### AIM OF THE EXERCISE
Sort through the material below and copy each line with "intro".

### RECORD EXCERPTS
######
lemma candidate_Arr:
  assumes X: "candidate X" and Y: "candidate Y"
  shows "candidate {t. \<forall>s\<in>X. App t s \<in> Y}" (is "candidate ?F")
proof (rule candidateI)
  show "?F \<subseteq> SN"
  proof
    fix t assume "t \<in> ?F"
    then have "App t (Var 0) \<in> SN"
      using candidate_Var [OF X] candidateD_SN [OF Y] by blast
    then show "t \<in> SN" by (rule SN_preimage) (rule dist.appL)
  qed
next
  fix t t' assume "t \<in> ?F" "t \<rightarrow>\<^sub>d t'"
  then show "t' \<in> ?F" using candidateD_dist [OF Y] dist.appL by blast
next
  fix t assume t: "neutral t" and reducts: "\<And>t'. t \<rightarrow>\<^sub>d t' \<Longrightarrow> t' \<in> ?F"
  have "App t s \<in> Y" if "s \<in> SN" "s \<in> X" for s
    using that
  proof (induct rule: SN_induct)
    case (step s)
    show ?case
    proof (rule candidateD_neutral [OF Y])
      fix u assume "App t s \<rightarrow>\<^sub>d u"
      then consider t' where "t \<rightarrow>\<^sub>d t'" "u = App t' s" | s' where "s \<rightarrow>\<^sub>d s'" "u = App t s'"
        using t by (auto simp: App_dist_neutral)
      then show "u \<in> Y"
      proof cases
        case 1
        then show ?thesis using reducts step(3) by auto
      next
        case 2
        then show ?thesis using step(2) candidateD_dist [OF X step(3)] by auto
      qed
    qed simp
  qed
  then show "t \<in> ?F" using candidateD_SN [OF X] by blast
qed

lemma candidate_And:
  assumes X: "candidate X" and Y: "candidate Y"
  shows "candidate {t. Proj1 t \<in> X \<and> Proj2 t \<in> Y}" (is "candidate ?F")
proof (rule candidateI)
  show "?F \<subseteq> SN"
  proof
    fix t assume "t \<in> ?F"
    then have "Proj1 t \<in> SN" using candidateD_SN [OF X] by blast
    then show "t \<in> SN" by (rule SN_preimage) (rule dist.proj1c)
  qed
next
  fix t t' assume "t \<in> ?F" "t \<rightarrow>\<^sub>d t'"
  then show "t' \<in> ?F"
    using candidateD_dist [OF X] candidateD_dist [OF Y] dist.proj1c dist.proj2c by blast
next
  fix t assume t: "neutral t" and reducts: "\<And>t'. t \<rightarrow>\<^sub>d t' \<Longrightarrow> t' \<in> ?F"
  have "proj b t \<in> Z" if Z: "candidate Z" and "\<And>t'. t \<rightarrow>\<^sub>d t' \<Longrightarrow> proj b t' \<in> Z" for b Z
  proof (rule candidateD_neutral [OF Z])
    fix u assume "proj b t \<rightarrow>\<^sub>d u"
    then obtain t' where "t \<rightarrow>\<^sub>d t'" "u = proj b t'"
      using t by (auto simp: proj_dist_neutral)
    with that(2) show "u \<in> Z" by simp
  qed simp
  from this [of X True] this [of Y False] show "t \<in> ?F"
    using X Y reducts by simp
qed

lemma candidate_interp: "candidate (interp A)"
  by (induct A) (simp_all add: candidate_SN candidate_Arr candidate_And)

lemmas interp_SN = candidateD_SN [OF candidate_interp]
  and interp_dist = candidateD_dist [OF candidate_interp]
  and interp_neutral = candidateD_neutral [OF candidate_interp]

lemma interp_dist_reds: "t \<rightarrow>\<^sub>d\<^sup>* t' \<Longrightarrow> t \<in> interp A \<Longrightarrow> t' \<in> interp A"
  by (induct rule: rtranclp_induct) (simp_all add: interp_dist)

lemma App_Lam_in_interp:
  assumes "s \<in> SN" and "subst u s 0 \<in> interp B"
  shows "App (Lam u) s \<in> interp B"
proof -
  have "u \<in> SN" using interp_SN [OF assms(2)] by (rule SN_preimage) (rule subst_dist)
  then show ?thesis using assms
  proof (induct u s rule: SN_induct2)
    case (step u s)
    show ?case
    proof (rule interp_neutral)
      fix w assume "App (Lam u) s \<rightarrow>\<^sub>d w"
      then consider "w = subst u s 0"
        | u' where "u \<rightarrow>\<^sub>d u'" "w = App (Lam u') s"
        | s' where "s \<rightarrow>\<^sub>d s'" "w = App (Lam u) s'"
        by (auto simp: App_dist Lam_dist)
      then show "w \<in> interp B"
      proof cases
        case 1
        with step show ?thesis by simp
      next
        case (2 u')
        with step(3,5) show ?thesis by (simp add: interp_dist subst_dist)
      next
        case (3 s')
        have "subst u s' 0 \<in> interp B"
          using subst_dist_reds [OF 3(1)] step(5) by (rule interp_dist_reds)
        with 3 step(4) show ?thesis by simp
      qed
    qed simp
  qed
qed

lemma proj_Pair_in_interp:
  assumes "x \<in> SN" and "y \<in> SN" and "(if b then x else y) \<in> interp B"
  shows "proj b (Pair x y) \<in> interp B"
  using assms
proof (induct x y rule: SN_induct2)
  case (step x y)
  show ?case
  proof (rule interp_neutral)
    fix w assume "proj b (Pair x y) \<rightarrow>\<^sub>d w"
    then consider "w = (if b then x else y)"
      | x' where "x \<rightarrow>\<^sub>d x'" "w = proj b (Pair x' y)"
      | y' where "y \<rightarrow>\<^sub>d y'" "w = proj b (Pair x y')"
      by (auto simp: proj_dist Pair_dist)
    then show "w \<in> interp B"
    proof cases
      case 1
      with step show ?thesis by simp
    next
      case (2 x')
      with step(3,5) show ?thesis by (cases b) (simp_all add: interp_dist)
    next
      case (3 y')
      with step(4,5) show ?thesis by (cases b) (simp_all add: interp_dist)
    qed
  qed simp
qed

lemma App_proj_in_interp:
  assumes "proj b (App t s) \<in> interp B"
  shows "App (proj b t) s \<in> interp B"
proof -
  have "App t s \<in> SN" using interp_SN [OF assms] by (rule SN_preimage) blast
  then have "t \<in> SN" and "s \<in> SN" by (auto elim: SN_preimage)
  then show ?thesis using assms
  proof (induct t s rule: SN_induct2)
    case (step t s)
    show ?case
    proof (rule interp_neutral)
      fix w assume "App (proj b t) s \<rightarrow>\<^sub>d w"
      then consider q where "proj b t \<rightarrow>\<^sub>d q" "w = App q s"
        | s' where "s \<rightarrow>\<^sub>d s'" "w = App (proj b t) s'"
        by (auto simp: App_dist_neutral)
      then show "w \<in> interp B"
      proof cases
        case (1 q)
        from 1(1) consider x y where "t = Pair x y" "q = (if b then x else y)"
          | v where "t = Lam v" "q = Lam (proj b v)"
          | t' where "t \<rightarrow>\<^sub>d t'" "q = proj b t'"
          by (auto simp: proj_dist)
        then show ?thesis
        proof cases
          case (1 x y)
          have "proj b (App t s) \<rightarrow>\<^sub>d proj b (Pair (App x s) (App y s))"
            using 1 by blast
          moreover have "proj b (Pair (App x s) (App y s)) \<rightarrow>\<^sub>d w"
            using 1 \<open>w = App q s\<close> by (cases b) auto
          ultimately show ?thesis using step(5) by (blast intro: interp_dist)
        next
          case (2 v)
          have "proj b (App t s) \<rightarrow>\<^sub>d subst (proj b v) s 0"
            using 2 by auto
          with step(5) have "subst (proj b v) s 0 \<in> interp B" by (rule interp_dist)
          then show ?thesis using 2 \<open>w = App q s\<close> step(2) by (simp add: App_Lam_in_interp)
        next
          case (3 t')
          have "proj b (App t' s) \<in> interp B"
            using step(5) by (rule interp_dist) (use 3 in blast)
          with 3 step(3) \<open>w = App q s\<close> show ?thesis by simp
        qed
      next
        case (2 s')
        have "proj b (App t s') \<in> interp B"
          using step(5) by (rule interp_dist) (use 2 in blast)
        with 2 step(4) show ?thesis by simp
      qed
    qed simp
  qed
qed

text \<open>The other component matters only for strong normalisation of the reduct
  \<open>\<pi>\<^sub>i \<langle>t\<^sub>1 s, t\<^sub>2 s\<rangle>\<close>.\<close>
lemma proj_App_in_interp:
  assumes "App (proj b t) s \<in> interp B" and "App (proj (\<not> b) t) s \<in> SN"
  shows "proj b (App t s) \<in> interp B"
proof -
  have "proj b t \<in> SN" and "s \<in> SN"
    using interp_SN [OF assms(1)] by (auto elim: SN_preimage)
  then have "t \<in> SN" and "s \<in> SN" by (auto elim: SN_preimage)
  then show ?thesis using assms
  proof (induct t s rule: SN_induct2)
    case (step t s)
    show ?case
    proof (rule interp_neutral)
      fix w assume "proj b (App t s) \<rightarrow>\<^sub>d w"
      then obtain p where "App t s \<rightarrow>\<^sub>d p" "w = proj b p"
        by (auto simp: proj_dist_neutral)
      then consider v where "t = Lam v" "w = proj b (subst v s 0)"
        | x y where "t = Pair x y" "w = proj b (Pair (App x s) (App y s))"
        | t' where "t \<rightarrow>\<^sub>d t'" "w = proj b (App t' s)"
        | s' where "s \<rightarrow>\<^sub>d s'" "w = proj b (App t s')"
        by (auto simp: App_dist)
      then show "w \<in> interp B"
      proof cases
        case (1 v)
        have "App (proj b t) s \<rightarrow>\<^sub>d App (Lam (proj b v)) s"
          using 1 by blast
        moreover have "App (Lam (proj b v)) s \<rightarrow>\<^sub>d w"
          using 1 dist.beta [of "proj b v" s] by simp
        ultimately show ?thesis using step(5) by (blast intro: interp_dist)
      next
        case (2 x y)
        have B: "App (if b then x else y) s \<in> interp B"
          using step(5) by (rule interp_dist) (use 2 in blast)
        have "App (if b then y else x) s \<in> SN"
          using step(6) by (rule SN_dist) (use 2 in \<open>cases b; auto\<close>)
        with interp_SN [OF B] have "App x s \<in> SN" "App y s \<in> SN"
          by (cases b; simp)+
        moreover have "(if b then App x s else App y s) \<in> interp B"
          using B by (cases b) simp_all
        ultimately show ?thesis using 2 by (simp add: proj_Pair_in_interp)
      next
        case (3 t')
        have "App (proj b t') s \<in> interp B"
          using step(5) by (rule interp_dist) (use 3 in blast)
        moreover have "App (proj (\<not> b) t') s \<in> SN"
          using step(6) by (rule SN_dist) (use 3 in blast)
        ultimately show ?thesis using 3 step(3) by simp
      next
        case (4 s')
        have "App (proj b t) s' \<in> interp B"
          using step(5) by (rule interp_dist) (use 4 in blast)
        moreover have "App (proj (\<not> b) t) s' \<in> SN"
          using step(6) by (rule SN_dist) (use 4 in blast)
        ultimately show ?thesis using 4 step(4) by simp
      qed
    qed simp
  qed
qed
######
### SOLUTION FOR THIS TASK
          ultimately show ?thesis using step(5) by (blast intro: interp_dist)
        ultimately show ?thesis using step(5) by (blast intro: interp_dist)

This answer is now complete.